‘What is love?’ I quietly ask myself
When I sit on a window ledge in my bedroom at night.
The older I get the more answers seem to emerge;
Full moon has mesmerized me and I feel its mysterious pull yet again.
When I was a young child I learned to love my family, my dog and my friends;
Most of all I loved my imagination which seemed to be wild, pure and hardly contained.
Laying down on my back in a meadow I would gaze at clouds with ever growing wonder;
I built castles in the sky and jumped from one cloud onto another.
I used to see creatures: a dragon, a rabbit, a prince and his lover,
Fairies and birds chasing each other.
My heart would be filled with joy and innocent laughter
Until grandma would call me for lunch, oh how could she be so distracting?
As everything passes and changes in nature
And so I grew into someone more responsible and older.
I kept my natural curiosity though, childishness and wonder
And roamed free in a forest with animals so close to my nature.
School and teenage years taught me silly romance:
Daydreaming, wanting to connect and hold hands.
Did I really love a boy when I was so young?
Or was it just a concept picked up from mum’s books and TV programmes?
And when I got older I thought I knew what real love was:
Meeting someone, getting infatuated and question if that was enough.
There would be something missing so deep inside
Yet I didn’t know how to fill it so let romance take care of that.
I wasn’t aware of consciousness, of us all being one yet
So I kept looking outside of myself for happiness.
I wondered why this love thing didn’t last, didn’t give what I craved
And I heard in the night silent whisper, ‘it’s because you have to find it within’.

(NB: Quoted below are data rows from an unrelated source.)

lemma row_replaced_id_mult_top_rows_id:
  assumes k: "k < n"
    and v: "\<And>c. c < n \<Longrightarrow>
      (if c \<le> k then v c else 0) + (\<Sum>i=Suc k..<n. v i * x $$ (i, c)) = x $$ (k, c)"
  shows "row_replaced_id n k v * top_rows_id n (Suc k) x = top_rows_id n k x"
proof (rule eq_matI)
  fix r c assume "r < dim_row (top_rows_id n k x)" "c < dim_col (top_rows_id n k x)"
  then have r: "r < n" and c: "c < n" by (simp_all add: top_rows_id_def)
  let ?R = "row_replaced_id n k v" and ?M = "top_rows_id n (Suc k) x"
  have prod: "(?R * ?M) $$ (r, c) = (\<Sum>i=0..<n. ?R $$ (r, i) * ?M $$ (i, c))"
    using r c by (simp add: row_replaced_id_def top_rows_id_def scalar_prod_def)
  show "(?R * ?M) $$ (r, c) = top_rows_id n k x $$ (r, c)"
  proof (cases "r = k")
    case False
    have "(\<Sum>i=0..<n. ?R $$ (r, i) * ?M $$ (i, c)) = (\<Sum>i=0..<n. if i = r then ?M $$ (r, c) else 0)"
      using r False by (intro sum.cong) (auto simp: row_replaced_id_def)
    then show ?thesis
      using prod r c False by (simp add: top_rows_id_def)
  next
    case True
    have "(\<Sum>i=0..<n. ?R $$ (k, i) * ?M $$ (i, c)) = (\<Sum>i=0..<n. v i * ?M $$ (i, c))"
      using k by (intro sum.cong) (simp_all add: row_replaced_id_def)
    also have "\<dots> = (\<Sum>i=0..<Suc k. v i * ?M $$ (i, c)) + (\<Sum>i=Suc k..<n. v i * ?M $$ (i, c))"
      using k by (intro sum.atLeastLessThan_concat[symmetric]) simp_all
    also have "(\<Sum>i=0..<Suc k. v i * ?M $$ (i, c)) = (\<Sum>i=0..<Suc k. if i = c then v c else 0)"
      using k c by (intro sum.cong) (auto simp: top_rows_id_def)
    also have "\<dots> = (if c \<le> k then v c else 0)"
      by (subst sum.delta) auto
    also have "(\<Sum>i=Suc k..<n. v i * ?M $$ (i, c)) = (\<Sum>i=Suc k..<n. v i * x $$ (i, c))"
      using c by (intro sum.cong) (auto simp: top_rows_id_def)
    finally show ?thesis
      using prod v[OF c] True r c by (simp add: top_rows_id_def)
  qed
qed (simp_all add: row_replaced_id_def top_rows_id_def)

lemma elim_row_factor:
  assumes x: "x \<in> carrier_mat n n" and k: "k < n" and det: "Delta_i n (Suc k) x \<noteq> 0"
  shows "row_replaced_id n k (elim_row n k x) * top_rows_id n (Suc k) x = top_rows_id n k x"
proof (rule row_replaced_id_mult_top_rows_id[OF k])
  fix c assume c: "c < n"
  have tail: "(\<Sum>i=Suc k..<n. elim_row n k x i * x $$ (i, c))
      = (\<Sum>i=Suc k..<n. cramer_coeff n k x i * x $$ (i, c))"
    by (intro sum.cong) (auto simp: elim_row_def)
  show "(if c \<le> k then elim_row n k x c else 0) + (\<Sum>i=Suc k..<n. elim_row n k x i * x $$ (i, c))
      = x $$ (k, c)"
    using cramer_coeff_solves[OF x _ c det] by (simp add: tail elim_row_def)
qed

fun elim_prod :: "nat \<Rightarrow> rat mat \<Rightarrow> nat \<Rightarrow> rat mat" where
  "elim_prod n x 0 = 1\<^sub>m n"
| "elim_prod n x (Suc k) = elim_prod n x k * row_replaced_id n k (elim_row n k x)"

lemma elim_prod_carrier: "elim_prod n x k \<in> carrier_mat n n"
  by (induction k) (auto simp: row_replaced_id_carrier)

lemma elim_prod_mult_top_rows_id:
  assumes x: "x \<in> carrier_mat n n" and Delta: "Delta n x \<noteq> 0"
  shows "k \<le> n \<Longrightarrow> elim_prod n x k * top_rows_id n k x = x"
proof (induction k)
  case 0
  have "top_rows_id n 0 x = x"
    using x by (intro eq_matI) (auto simp: top_rows_id_def)
  then show ?case
    using x by simp
next
  case (Suc k)
  have "elim_prod n x (Suc k) * top_rows_id n (Suc k) x
      = elim_prod n x k * (row_replaced_id n k (elim_row n k x) * top_rows_id n (Suc k) x)"
    by (simp add: assoc_mult_mat[OF elim_prod_carrier row_replaced_id_carrier top_rows_id_carrier])
  also have "\<dots> = elim_prod n x k * top_rows_id n k x"
    using Suc.prems Delta_i_nonzero[OF Delta, of "Suc k"] by (simp add: elim_row_factor[OF x])
  finally show ?case
    using Suc by simp
qed

lemma elim_prod_eq:
  assumes "x \<in> carrier_mat n n" "Delta n x \<noteq> 0"
  shows "elim_prod n x n = x"
proof -
  have "top_rows_id n n x = 1\<^sub>m n"
    by (intro eq_matI) (auto simp: top_rows_id_def)
  then show ?thesis
    using elim_prod_mult_top_rows_id[OF assms order.refl] right_mult_one_mat[OF elim_prod_carrier]
    by simp
qed

definition perm_mat :: "nat \<Rightarrow> (nat \<Rightarrow> nat) \<Rightarrow> rat mat" where
  "perm_mat n \<sigma> = mat n n (\<lambda>(r, c). if r = \<sigma> c then 1 else 0)"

So self-love then became an alien concept;
Why is it so easy to love others even when they make mistakes?
Why am I so hard on myself and feel lost in constant self-criticism and blame?

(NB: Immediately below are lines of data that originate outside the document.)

lemma coord_norm_small_if_lincomb_small:
  assumes "lincomb_independent m (b :: nat \<Rightarrow> 'a)" "\<rho> > 0"
  shows "\<exists>\<delta>>0. \<forall>x\<in>fin_coords m. dist 0 (lincomb m b x) < \<delta> \<longrightarrow> coord_norm m x < \<rho>"
proof -
  obtain d where d: "d > 0"
    "\<And>x. x \<in> fin_coords m \<Longrightarrow> dist 0 (lincomb m b x) < d \<Longrightarrow> coord_norm m x \<le> 1 / d"
    using coord_norm_bounded_if_lincomb_small[OF assms(1)] by blast
  obtain k :: nat where k: "real k > 1 / (d * \<rho>)"
    using reals_Archimedean2 by blast
  have k_pos: "real k > 0"
    using k d(1) assms(2) by (smt (verit) divide_pos_pos mult_pos_pos)
  have "coord_norm m x < \<rho>" if x: "x \<in> fin_coords m" "dist 0 (lincomb m b x) < d / k" for x
  proof -
    have "dist 0 (lincomb m b (\<lambda>i. real k * x i)) \<le> real k * dist 0 (lincomb m b x)"
      by (simp add: lincomb_scale dist0_of_nat_scaleR_le[OF tvs])
    also have "\<dots> < d"
      using x(2) k_pos by (simp add: field_simps)
    finally have "real k * coord_norm m x \<le> 1 / d"
      using d(2)[of "\<lambda>i. real k * x i"] x(1) by (simp add: coord_norm_scale fin_coords_def)
    then have "coord_norm m x \<le> 1 / (d * k)"
      using k_pos d(1) by (simp add: field_simps)
    also have "\<dots> < \<rho>"
      using k k_pos d(1) assms(2) by (simp add: field_simps)
    finally show ?thesis .
  qed
  then show ?thesis
    using d(1) k_pos by (intro exI[of _ "d / k"]) auto
qed

lemma continuous_on_lincomb_coords:
  assumes "lincomb_independent m (b :: nat \<Rightarrow> 'a)"
  shows "continuous_on (range (lincomb m b)) (lincomb_coords m b)"
proof (rule continuous_on_coordinatewise_then_product)
  fix i
  show "continuous_on (range (lincomb m b)) (\<lambda>w. lincomb_coords m b w i)"
    unfolding continuous_on_iff
  proof (intro ballI allI impI)
    fix w0 and \<epsilon> :: real
    assume w0: "w0 \<in> range (lincomb m b)" and "\<epsilon> > 0"
    then obtain \<delta> where \<delta>: "\<delta> > 0"
      "\<forall>x\<in>fin_coords m. dist 0 (lincomb m b x) < \<delta> \<longrightarrow> coord_norm m x < \<epsilon>"
      using coord_norm_small_if_lincomb_small[OF assms] by blast
    have "dist (lincomb_coords m b w i) (lincomb_coords m b w0 i) < \<epsilon>"
      if w: "w \<in> range (lincomb m b)" "dist w w0 < \<delta>" for w
    proof -
      let ?x = "lincomb_coords m b (w - w0)"
      have diff: "?x = (\<lambda>i. lincomb_coords m b w i - lincomb_coords m b w0 i)"
        using lincomb_coords_diff[OF assms w(1) w0] .
      obtain y y0 where "w = lincomb m b y" "w0 = lincomb m b y0"
        using w(1) w0 by blast
      then have "w - w0 \<in> range (lincomb m b)"
        by (simp add: lincomb_diff[symmetric])
      then have "?x \<in> fin_coords m" "lincomb m b ?x = w - w0"
        by (rule lincomb_lincomb_coords)+
      moreover have "dist 0 (w - w0) < \<delta>"
        using w(2) dist_eq_dist0_diff[OF tvs, of w0 w] by (simp add: dist_commute)
      ultimately have "coord_norm m ?x < \<epsilon>"
        using \<delta>(2) by simp
      moreover have "\<bar>?x i\<bar> \<le> coord_norm m ?x"
        using \<open>?x \<in> fin_coords m\<close> abs_coord_le_coord_norm[of i m ?x] coord_norm_nonneg[of m ?x]
        by (cases "i < m") (auto simp: fin_coords_def)
      ultimately show ?thesis
        by (simp add: diff dist_real_def)
    qed
    then show "\<exists>\<delta>>0. \<forall>w\<in>range (lincomb m b). dist w w0 < \<delta> \<longrightarrow>
        dist (lincomb_coords m b w i) (lincomb_coords m b w0 i) < \<epsilon>"
      using \<delta>(1) by blast
  qed
qed

end

section \<open>Compositions of local semigroups with continuous controls\<close>

lemma comp_lsg_append:
  "comp_lsg (xs @ ys) u = (case comp_lsg xs u of None \<Rightarrow> None | Some w \<Rightarrow> comp_lsg ys w)"
  by (induction xs arbitrary: u) (auto split: option.splits)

And what does it mean that people, I am close with, are mirror aspects of me?
And then years of learning, reflection, growth and self-discovery took place;
I and self-love have finally made it – we are now friends.

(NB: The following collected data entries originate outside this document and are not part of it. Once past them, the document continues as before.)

definition mulrep :: "('a::comm_monoid_add \<Rightarrow> 'g \<Rightarrow> 'a \<Rightarrow> 'a) \<Rightarrow> ('a \<times> 'g) multiset \<Rightarrow> ('a \<times> 'g) multiset \<Rightarrow> ('a \<times> 'g) multiset" where
  "mulrep op M N = (\<Sum>p\<in>#M. image_mset (\<lambda>q. (op (fst p) (snd p) (fst q), snd q)) N)"

definition Lmul :: "('a::comm_monoid_add \<Rightarrow> 'g \<Rightarrow> 'a \<Rightarrow> 'a) \<Rightarrow> ('a \<times> 'g) multiset set \<Rightarrow> ('a \<times> 'g) multiset set \<Rightarrow> ('a \<times> 'g) multiset set" where
  "Lmul op P Q = rho op `` {mulrep op M N | M N. M \<in> P \<and> N \<in> Q}"

definition Lzero :: "('a::comm_monoid_add \<Rightarrow> 'g::comm_monoid_add \<Rightarrow> 'a \<Rightarrow> 'a) \<Rightarrow> ('a \<times> 'g) multiset set" where
  "Lzero op = rho op `` {{#(0, 0)#}}"

definition has_left_unity :: "('a::comm_monoid_add \<Rightarrow> 'g \<Rightarrow> 'a \<Rightarrow> 'a) \<Rightarrow> bool" where
  "has_left_unity op \<longleftrightarrow> (\<exists>E \<in> Lset op. \<forall>M\<in>E. \<forall>a. opeval op M a = a)"

definition has_right_unity :: "('a::comm_monoid_add \<Rightarrow> 'g \<Rightarrow> 'a \<Rightarrow> 'a) \<Rightarrow> bool" where
  "has_right_unity op \<longleftrightarrow> (\<exists>fs :: ('g \<times> 'a) list. \<forall>a. (\<Sum>p\<leftarrow>fs. op a (fst p) (snd p)) = a)"

definition fuzzy_right_ideal_S :: "('a::comm_monoid_add \<Rightarrow> 'g \<Rightarrow> 'a \<Rightarrow> 'a) \<Rightarrow> ('a \<Rightarrow> real) \<Rightarrow> bool" where
  "fuzzy_right_ideal_S op \<mu> \<longleftrightarrow>
     (\<forall>x. 0 \<le> \<mu> x \<and> \<mu> x \<le> 1) \<and> (\<exists>x. \<mu> x \<noteq> 0) \<and> \<mu> 0 = 1 \<and>
     (\<forall>x y. \<mu> (x + y) \<ge> min (\<mu> x) (\<mu> y)) \<and>
     (\<forall>x \<gamma> y. \<mu> (op x \<gamma> y) \<ge> \<mu> x)"

definition fuzzy_left_ideal_S :: "('a::comm_monoid_add \<Rightarrow> 'g \<Rightarrow> 'a \<Rightarrow> 'a) \<Rightarrow> ('a \<Rightarrow> real) \<Rightarrow> bool" where
  "fuzzy_left_ideal_S op \<mu> \<longleftrightarrow>
     (\<forall>x. 0 \<le> \<mu> x \<and> \<mu> x \<le> 1) \<and> (\<exists>x. \<mu> x \<noteq> 0) \<and> \<mu> 0 = 1 \<and>
     (\<forall>x y. \<mu> (x + y) \<ge> min (\<mu> x) (\<mu> y)) \<and>
     (\<forall>x \<gamma> y. \<mu> (op x \<gamma> y) \<ge> \<mu> y)"

definition fuzzy_ideal_S :: "('a::comm_monoid_add \<Rightarrow> 'g \<Rightarrow> 'a \<Rightarrow> 'a) \<Rightarrow> ('a \<Rightarrow> real) \<Rightarrow> bool" where
  "fuzzy_ideal_S op \<mu> \<longleftrightarrow> fuzzy_right_ideal_S op \<mu> \<and> fuzzy_left_ideal_S op \<mu>"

I want to hold hands with all aspects of me: my ego, my sadness and my destiny.
And as I reflect back on my life I realise that I’ve had it all along:
My soul – it’s pure love and it’s never been lost.
Simplicity is often the key – calm down the mind, look around and make peace with yourself.
Accept where you are yet keep dreaming, trust your intuition and follow its wisdom.
Take necessary steps and remember – the force is with you;
As long as you have enough courage to face inner shadows it will take you where you belong.